I’m finding your first message difficult to interpret; if I can’t catch the issue below, you might need to have another attempt at explaining your uncertainty.
tck2fixel command doesn’t need to generate a new “fixel map”, and if it does, it should just be a duplicate of the index and directions file from the input fixel directory. So there’s no reason for the “dimensions” to have changed at any point, unless you’ve erroneously used the wrong input fixel directory.
When you say “streamline connectivity based fixels.mif”, given that this must be different to the output of
tck2fixel (with or without subsequent
mrthreshold call), are you referring to the file contained within the fixel-fixel connectivity matrix directory?

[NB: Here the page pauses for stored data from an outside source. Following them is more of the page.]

text \<open>The dilation automaton: the states (k, i) carry a counter k modulo L, and M acts only when
  the counter wraps around.  Its powers are those of M, slowed down by the factor L.\<close>

definition dilate_mat :: "nat \<Rightarrow> ('a \<Rightarrow> 'a \<Rightarrow> nat) \<Rightarrow> nat \<times> 'a \<Rightarrow> nat \<times> 'a \<Rightarrow> nat" where
  "dilate_mat L M = (\<lambda>(k, i) (k', j). if Suc k < L then of_bool (k' = Suc k) * of_bool (i = j)
                                       else of_bool (k' = 0) * M i j)"

lemma mpow_dilate_mat:
  assumes "finite S" "0 < L" "k < L" "j \<in> S"
  shows "mpow ({..<L} \<times> S) (dilate_mat L M) n (0, i) (k, j) = of_bool (k = n mod L) * mpow S M (n div L) i j"
  using assms(3,4)
proof (induction n arbitrary: k j)
  case 0
  then show ?case using assms(2) by auto
next
  case (Suc n)
  let ?M' = "dilate_mat L M"
  have "mpow ({..<L} \<times> S) ?M' (Suc n) (0, i) (k, j)
      = (\<Sum>k'<L. \<Sum>j'\<in>S. mpow ({..<L} \<times> S) ?M' n (0, i) (k', j') * ?M' (k', j') (k, j))"
    by (simp add: sum.cartesian_product')
  also have "\<dots> = (\<Sum>k'<L. \<Sum>j'\<in>S. of_bool (k' = n mod L) * (mpow S M (n div L) i j' * ?M' (k', j') (k, j)))"
    using Suc.IH by (auto simp: mult.assoc intro!: sum.cong)
  also have "\<dots> = (\<Sum>j'\<in>S. mpow S M (n div L) i j' * ?M' (n mod L, j') (k, j))"
    using assms(2) by (simp add: sum_distrib_left[symmetric])
  also have "\<dots> = of_bool (k = Suc n mod L) * mpow S M (Suc n div L) i j"
  proof (cases "Suc (n mod L) < L")
    case True
    then have "Suc n mod L = Suc (n mod L)" "Suc n div L = n div L"
      by (simp_all add: mod_Suc div_Suc)
    then show ?thesis
      using True Suc.prems assms(1) by (simp add: dilate_mat_def mult.left_commute[of "of_bool _"])
  next
    case False
    then have "Suc (n mod L) = L"
      using mod_less_divisor[OF assms(2), of n] by linarith
    then have "Suc n mod L = 0" "Suc n div L = Suc (n div L)"
      by (simp_all add: mod_Suc div_Suc)
    then show ?thesis
      using False by (simp add: dilate_mat_def mult.left_commute[of "of_bool _"] sum_distrib_left)
  qed
  finally show ?case .
qed

lemma dilate_N_rational:
  assumes "N_rational b" "s < L"
  shows "N_rational (\<lambda>n. of_bool (n mod L = s) * b (n div L))"
proof -
  obtain r :: nat and l M g where b: "b = linrep {..<r} l M g"
    using assms unfolding N_rational_iff_linrep by blast
  define S where "S = {..<L} \<times> {..<r}"
  define l' where "l' = (\<lambda>(k :: nat, i). if k = 0 then l i else 0)"
  define g' where "g' = (\<lambda>(k, j). if k = s then g j else 0)"
  have L: "0 < L" using assms(2) by simp
  have "linrep S l' (dilate_mat L M) g' n = of_bool (n mod L = s) * b (n div L)" for n
  proof -
    have "linrep S l' (dilate_mat L M) g' n
        = (\<Sum>i\<in>{0} \<times> {..<r}. \<Sum>j\<in>{s} \<times> {..<r}. l' i * mpow S (dilate_mat L M) n i j * g' j)"
      by (rule linrep_support) (auto simp: S_def l'_def g'_def L assms(2) split: if_splits)
    also have "\<dots> = (\<Sum>i<r. \<Sum>j<r. l i * mpow S (dilate_mat L M) n (0, i) (s, j) * g j)"
      by (simp add: sum.cartesian_product' l'_def g'_def)
    also have "\<dots> = of_bool (n mod L = s) * b (n div L)"
      using assms(2) L by (simp add: S_def mpow_dilate_mat b linrep_def sum_distrib_left mult_ac)
    finally show ?thesis .
  qed
  then have "(\<lambda>n. of_bool (n mod L = s) * b (n div L)) = linrep S l' (dilate_mat L M) g'"
    by (simp add: fun_eq_iff)
  then show ?thesis using linrep_N_rational[of S] by (simp add: S_def)
qed

lemma interleave_N_rational:
  assumes "0 < L" "\<And>s. s < L \<Longrightarrow> N_rational (\<lambda>m. a (L * m + s))"
  shows "N_rational a"
proof -
  have "N_rational (\<lambda>n. \<Sum>s<L. of_bool (n mod L = s) * a (L * (n div L) + s))"
    using assms(2) by (intro sum_N_rational dilate_N_rational) auto
  moreover have "(\<Sum>s<L. of_bool (n mod L = s) * a (L * (n div L) + s)) = a n" for n
    using assms(1) by (simp add: eq_commute[of "n mod L"])
  ultimately show ?thesis by simp
qed

section \<open>2x2 matrices\<close>

datatype 'a mat2 = Mat2 'a 'a 'a 'a

fun mul2 :: "'a::semiring_1 mat2 \<Rightarrow> 'a mat2 \<Rightarrow> 'a mat2" where
  "mul2 (Mat2 a b c d) (Mat2 e f g h) = Mat2 (a * e + b * g) (a * f + b * h) (c * e + d * g) (c * f + d * h)"

definition one2 :: "'a::semiring_1 mat2" where
  "one2 = Mat2 1 0 0 1"

fun pow2 :: "'a::semiring_1 mat2 \<Rightarrow> nat \<Rightarrow> 'a mat2" where
  "pow2 A 0 = one2"
| "pow2 A (Suc n) = mul2 (pow2 A n) A"

fun entry2 :: "'a mat2 \<Rightarrow> nat \<Rightarrow> nat \<Rightarrow> 'a" where
  "entry2 (Mat2 a b c d) i j = (if i = 0 then if j = 0 then a else b else if j = 0 then c else d)"

fun unimodular :: "nat mat2 \<Rightarrow> bool" where
  "unimodular (Mat2 a b c d) \<longleftrightarrow> a * d = b * c + 1"

lemma mul2_assoc: "mul2 (mul2 A B) C = mul2 A (mul2 B C)"
  by (cases A; cases B; cases C) (simp add: algebra_simps)

lemma mul2_one2 [simp]: "mul2 one2 A = A" "mul2 A one2 = A"
  by (cases A; simp add: one2_def)+

lemma mul2_pow2: "mul2 A (pow2 A m) = pow2 A (Suc m)"
  by (induction m) (simp_all add: mul2_assoc[symmetric])

lemma entry2_mul2:
  assumes "i < 2" "j < 2"
  shows "entry2 (mul2 A B) i j = (\<Sum>k<2. entry2 A i k * entry2 B k j)"
  using assms by (cases A; cases B) (auto simp: numeral_2_eq_2 less_Suc_eq)

lemma entry2_pow2:
  assumes "i < 2" "j < 2"
  shows "entry2 (pow2 A n) i j = mpow {..<2} (entry2 A) n i j"
  using assms(2)
proof (induction n arbitrary: j)
  case 0
  then show ?case using assms(1) by (auto simp: one2_def numeral_2_eq_2 less_Suc_eq)
next
  case (Suc n)
  then show ?case using assms(1) by (simp add: entry2_mul2)
qed

text \<open>The sequence m \<mapsto> (A^m B C^m)_{11} is a sum of products of entries of powers, hence
  N-rational.  This is the shape of the tiling values along a ray.\<close>

lemma conjugation_N_rational:
  fixes A B C :: "nat mat2"
  shows "N_rational (\<lambda>m. entry2 (mul2 (mul2 (pow2 A m) B) (pow2 C m)) 0 0)"
proof -
  have expand: "entry2 (mul2 (mul2 (pow2 A m) B) (pow2 C m)) 0 0
      = (\<Sum>k<2. \<Sum>j<2. entry2 (pow2 A m) 0 j * entry2 B j k * entry2 (pow2 C m) k 0)" for m
    by (simp add: entry2_mul2 sum_distrib_right)
  have "N_rational (\<lambda>m. entry2 (pow2 A m) 0 j * entry2 B j k * entry2 (pow2 C m) k 0)"
    if "j < 2" "k < 2" for j k
    using that by (intro mult_N_rational const_N_rational)
      (simp_all add: entry2_pow2 mpow_N_rational)
  then show ?thesis
    unfolding expand by (intro sum_N_rational) auto
qed

section \<open>The frontier as a pair of letter-counting functions\<close>

definition counts :: "(int \<Rightarrow> letter) \<Rightarrow> letter \<Rightarrow> (int \<Rightarrow> int) \<Rightarrow> bool" where
  "counts x l f \<longleftrightarrow> (\<forall>i. f i = f (i - 1) + of_bool (x i = l))"

lemma embedding_counts:
  assumes "frontier_embedding x P"
  shows "counts x X (\<lambda>i. fst (P i))" "counts x Y (\<lambda>i. snd (P i))"
proof -
  have step: "P i = (if x i = X then (fst (P (i - 1)) + 1, snd (P (i - 1)))
                     else (fst (P (i - 1)), snd (P (i - 1)) + 1))" for i
    using assms unfolding frontier_embedding_def by blast
  show "counts x X (\<lambda>i. fst (P i))" "counts x Y (\<lambda>i. snd (P i))"
    unfolding counts_def
  proof (safe intro!: allI)
    fix i
    show "fst (P i) = fst (P (i - 1)) + of_bool (x i = X)"
      by (subst step) (cases "x i"; simp)
    show "snd (P i) = snd (P (i - 1)) + of_bool (x i = Y)"
      by (subst step) (cases "x i"; simp)
  qed
qed

lemma counts_step:
  assumes "counts x l f"
  shows "f (i + 1) = f i + of_bool (x (i + 1) = l)"
  using assms unfolding counts_def by (metis add_diff_cancel_right')

lemma counts_mono:
  assumes "counts x l f" "i \<le> j"
  shows "f i \<le> f j"
  using assms(2)
proof (induction j rule: int_ge_induct)
  case (step j)
  then show ?case using counts_step[OF assms(1), of j] by simp
qed simp

lemma counts_cross:
  assumes "counts x l f" "f i \<le> z" "z < f j"
  shows "\<exists>k. i \<le> k \<and> k < j \<and> f k = z \<and> x (k + 1) = l"
proof -
  have "i \<le> j" using assms counts_mono[OF assms(1), of j i] by linarith
  then show ?thesis
    using assms(3)
  proof (induction j rule: int_ge_induct)
    case base
    then show ?case using assms(2) by simp
  next
    case (step j)
    show ?case
    proof (cases "z < f j")
      case True
      then show ?thesis using step.IH by force
    next
      case False
      then show ?thesis
        using step counts_step[OF assms(1), of j] by (intro exI[of _ j]) (auto simp: of_bool_def split: if_splits)
    qed
  qed
qed

lemma admissible_letter_right:
  assumes "admissible_frontier x"
  shows "\<exists>m\<ge>N. x m = l"
proof -
  have "\<exists>m\<ge>N. m \<ge> 0 \<and> x m \<noteq> (if l = X then Y else X)"
    using assms unfolding admissible_frontier_def by blast
  then obtain m where "m \<ge> N" "x m \<noteq> (if l = X then Y else X)" by blast
  then show ?thesis by (intro exI[of _ m]) (cases l; cases "x m"; simp)
qed

lemma admissible_letter_left:
  assumes "admissible_frontier x"
  shows "\<exists>m\<le>N. x m = l"
proof -
  have "\<exists>m\<le>N. m \<le> 0 \<and> x m \<noteq> (if l = X then Y else X)"
    using assms unfolding admissible_frontier_def by blast
  then obtain m where "m \<le> N" "x m \<noteq> (if l = X then Y else X)" by blast
  then show ?thesis by (intro exI[of _ m]) (cases l; cases "x m"; simp)
qed

lemma counts_unbounded_above:
  assumes "admissible_frontier x" "counts x l f"
  shows "\<exists>j. K \<le> f j"
proof -
  have "\<exists>j. f 0 + int n \<le> f j" for n
  proof (induction n)
    case (Suc n)
    then obtain i where i: "f 0 + int n \<le> f i" by blast
    obtain m where m: "i + 1 \<le> m" "x m = l" using admissible_letter_right[OF assms(1)] by blast
    have "f m = f (m - 1) + of_bool (x m = l)" using assms(2) unfolding counts_def by blast
    then have "f m = f (m - 1) + 1" using m by simp
    moreover have "f i \<le> f (m - 1)" using counts_mono[OF assms(2)] m by simp
    ultimately show ?case using i by (intro exI[of _ m]) simp
  qed auto
  then obtain j where "f 0 + int (nat (K - f 0)) \<le> f j" by blast
  then show ?thesis by (intro exI[of _ j]) linarith
qed

lemma counts_unbounded_below:
  assumes "admissible_frontier x" "counts x l f"
  shows "\<exists>j. f j \<le> K"
proof -
  have "\<exists>j. f j \<le> f 0 - int n" for n
  proof (induction n)
    case (Suc n)
    then obtain i where i: "f i \<le> f 0 - int n" by blast
    obtain m where m: "m \<le> i" "x m = l" using admissible_letter_left[OF assms(1)] by blast
    have "f m = f (m - 1) + of_bool (x m = l)" using assms(2) unfolding counts_def by blast
    then have "f m = f (m - 1) + 1" using m by simp
    moreover have "f m \<le> f i" using counts_mono[OF assms(2)] m by simp
    ultimately show ?case using i by (intro exI[of _ "m - 1"]) simp
  qed auto
  then obtain j where "f j \<le> f 0 - int (nat (f 0 - K))" by blast
  then show ?thesis by (intro exI[of _ j]) linarith
qed

lemma counts_reaches_above:
  assumes "admissible_frontier x" "counts x l f" "f i \<le> z"
  shows "\<exists>c\<ge>i. f c = z"
proof -
  obtain j where "z + 1 \<le> f j" using counts_unbounded_above[OF assms(1,2)] by blast
  then show ?thesis using counts_cross[OF assms(2,3), of j] by fastforce
qed

lemma counts_reaches_below:
  assumes "admissible_frontier x" "counts x l f" "z \<le> f i"
  shows "\<exists>c\<le>i. f c = z"
proof -
  obtain j where j: "f j \<le> z - 1" using counts_unbounded_below[OF assms(1,2)] by blast
  obtain k where "k < i" "f k = z - 1" "x (k + 1) = l"
    using counts_cross[OF assms(2) j, of i] assms(3) by auto
  then show ?thesis using counts_step[OF assms(2), of k] by (intro exI[of _ "k + 1"]) simp
qed

lemma counts_surj:
  assumes "admissible_frontier x" "counts x l f"
  shows "\<exists>c. f c = z"
  using counts_reaches_above[OF assms, of 0 z] counts_reaches_below[OF assms, of z 0] by force

lemma counts_eventually_right:
  assumes "admissible_frontier x" "counts x l f" "1 \<le> a"
  shows "\<exists>N. \<forall>n\<ge>N. \<exists>c\<ge>B. f c = q + int n * a"
proof (rule exI, intro allI impI)
  fix n assume "nat (f B - q) \<le> n"
  moreover have "int n * 1 \<le> int n * a" using assms(3) by (intro mult_left_mono) auto
  ultimately have "f B \<le> q + int n * a" by linarith
  then show "\<exists>c\<ge>B. f c = q + int n * a" using counts_reaches_above[OF assms(1,2)] by blast
qed

lemma counts_eventually_left:
  assumes "admissible_frontier x" "counts x l f" "b \<le> -1"
  shows "\<exists>N. \<forall>n\<ge>N. \<exists>r\<le>B. f r = q + int n * b"
proof (rule exI, intro allI impI)
  fix n assume "nat (q - f B) \<le> n"
  moreover have "int n * b \<le> int n * -1" using assms(3) by (intro mult_left_mono) auto
  ultimately have "q + int n * b \<le> f B" by linarith
  then show "\<exists>r\<le>B. f r = q + int n * b" using counts_reaches_below[OF assms(1,2)] by blast
qed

This may at least explain your claim that that file is “at 1mm iso”, which isn’t actually the case because the contents of that file are not represented on a voxel grid (look at the image dimensions), the voxel sizes are just filled with unity values because it’s currently not permissible to either omit or have invalid values for voxel sizes in the
The question then is what steps need to be either modified or re-run based on the generation of such a mask.

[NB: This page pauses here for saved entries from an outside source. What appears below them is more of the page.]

(* Let $\mathbb{X},\mathbb{Y}$ be real normed linear spaces and $T\in\mathbb{B}(\mathbb{X},\mathbb{Y})$ with $T\neq0$ and $M_T\neq\emptyset$. Then $T$ is a smooth point of $\mathbb{B}(\mathbb{X},\mathbb{Y})$ if and only if all of the following hold: (i) $M_T=\{\pm x_0\}$ for some $x_0\in S_{\mathbb{X}}$; (ii) $Tx_0$ is a smooth point of $\mathbb{Y}$; (iii) for every $A\in\mathbb{B}(\mathbb{X},\mathbb{Y})$, $T\perp_B A$ if and only if $Tx_0\perp_B Ax_0$.
   Context: All spaces are real; $\mathbb{B}(\mathbb{X},\mathbb{Y})$ has the operator norm; $S_{\mathbb{X}}$ is the unit sphere; $M_T=\{x\in S_{\mathbb{X}}:\|Tx\|=\|T\|\}$. A nonzero element $x$ of a normed space $\mathbb{Z}$ is smooth if there is a unique $f\in\mathbb{Z}^*$ with $\|f\|=1$ and $f(x)=\|x\|$. $x\perp_B y$ means $\|x+\lambda y\|\ge\|x\|$ for all $\lambda\in\mathbb{R}$. *)

theory Defs
  imports "HOL-Analysis.Analysis"
begin

definition smooth_point :: "'a::real_normed_vector \<Rightarrow> bool" where
  "smooth_point x \<longleftrightarrow> x \<noteq> 0 \<and>
     (\<exists>!f :: 'a \<Rightarrow>\<^sub>L real. norm f = 1 \<and> blinfun_apply f x = norm x)"

definition birkhoff_orth :: "'a::real_normed_vector \<Rightarrow> 'a \<Rightarrow> bool" where
  "birkhoff_orth x y \<longleftrightarrow> (\<forall>t::real. norm (x + t *\<^sub>R y) \<ge> norm x)"

definition norm_attain_set :: "('a::real_normed_vector \<Rightarrow>\<^sub>L 'b::real_normed_vector) \<Rightarrow> 'a set" where
  "norm_attain_set T = {x. norm x = 1 \<and> norm (blinfun_apply T x) = norm T}"

end

(*
  A support functional of T is obtained from a norm-attaining x0 and a support functional g
  of T x0 as A \<mapsto> g (A x0).  Testing such functionals against rank-one operators shows that
  they determine x0 and g up to a common scalar; so if T is smooth, the uniqueness of its
  support functional forces M_T = {\<pm>x0} and uniqueness of g.  Orthogonality T \<perp>_B A means
  that some support functional of T vanishes at A (James), which for smooth T is A \<mapsto> g (A x0)
  and yields T x0 \<perp>_B A x0.  Conversely, under (i)-(iii) any support functional \<Psi> of T
  annihilates B = A - (\<Psi> A / \<parallel>T\<parallel>) T, so T \<perp>_B B, T x0 \<perp>_B B x0, and the unique
  support functional g of T x0 vanishes at B x0, i.e. \<Psi> A = g (A x0).
*)
theory Submission
  imports Defs
begin

section \<open>Hahn-Banach for norm-dominated functionals\<close>

text \<open>A linear functional on a subspace is represented by its graph, so that Zorn's lemma can
  range over sets of pairs.\<close>
definition linear_graph :: "('a::real_vector \<times> real) set \<Rightarrow> bool" where
  "linear_graph G \<longleftrightarrow> (0, 0) \<in> G
     \<and> (\<forall>x a b. (x, a) \<in> G \<longrightarrow> (x, b) \<in> G \<longrightarrow> a = b)
     \<and> (\<forall>x a y b. (x, a) \<in> G \<longrightarrow> (y, b) \<in> G \<longrightarrow> (x + y, a + b) \<in> G)
     \<and> (\<forall>x a c. (x, a) \<in> G \<longrightarrow> (c *\<^sub>R x, c * a) \<in> G)"

definition norm_dominated :: "('a::real_normed_vector \<times> real) set \<Rightarrow> bool" where
  "norm_dominated G \<longleftrightarrow> (\<forall>(x, a) \<in> G. a \<le> norm x)"

lemma linear_graphD:
  assumes "linear_graph G"
  shows linear_graph_zero: "(0, 0) \<in> G"
    and linear_graph_unique: "(x, a) \<in> G \<Longrightarrow> (x, b) \<in> G \<Longrightarrow> a = b"
    and linear_graph_add: "(x, a) \<in> G \<Longrightarrow> (y, b) \<in> G \<Longrightarrow> (x + y, a + b) \<in> G"
    and linear_graph_scaleR: "(x, a) \<in> G \<Longrightarrow> (c *\<^sub>R x, c * a) \<in> G"
  using assms unfolding linear_graph_def by blast+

fixelcfestats is designed to be able to operate on a fixel-fixel connectivity matrix that was generated using all fixels, but a restricted fixel mask for GLM and statistical enhancement. Technically you could re-run
fixelconnectivity to produce a new fixel-fixel connectivity matrix that includes only those fixels within the mask, and that would slightly reduce the storage size of that matrix, but the outcome should be no different. Where there would potentially be a difference is whether or not fixel data smoothing using
fixelfilter is constrained to only those fixels within the mask (whether by using the
-mask option, or generating a new fixel-fixel connectivity matrix based on that mask and then using that matrix within
fixelfilter). I honestly don’t know how to give a general recommendation here: poorly-connected fixels may correlate with high subject variance and therefore omitting them from not only statistical inference but also data smoothing may be beneficial… I have plans for addressing this more explicitly in the future, but for now I can only say that either approach is valid and that I’ve not done enough testing to advise one way over the other.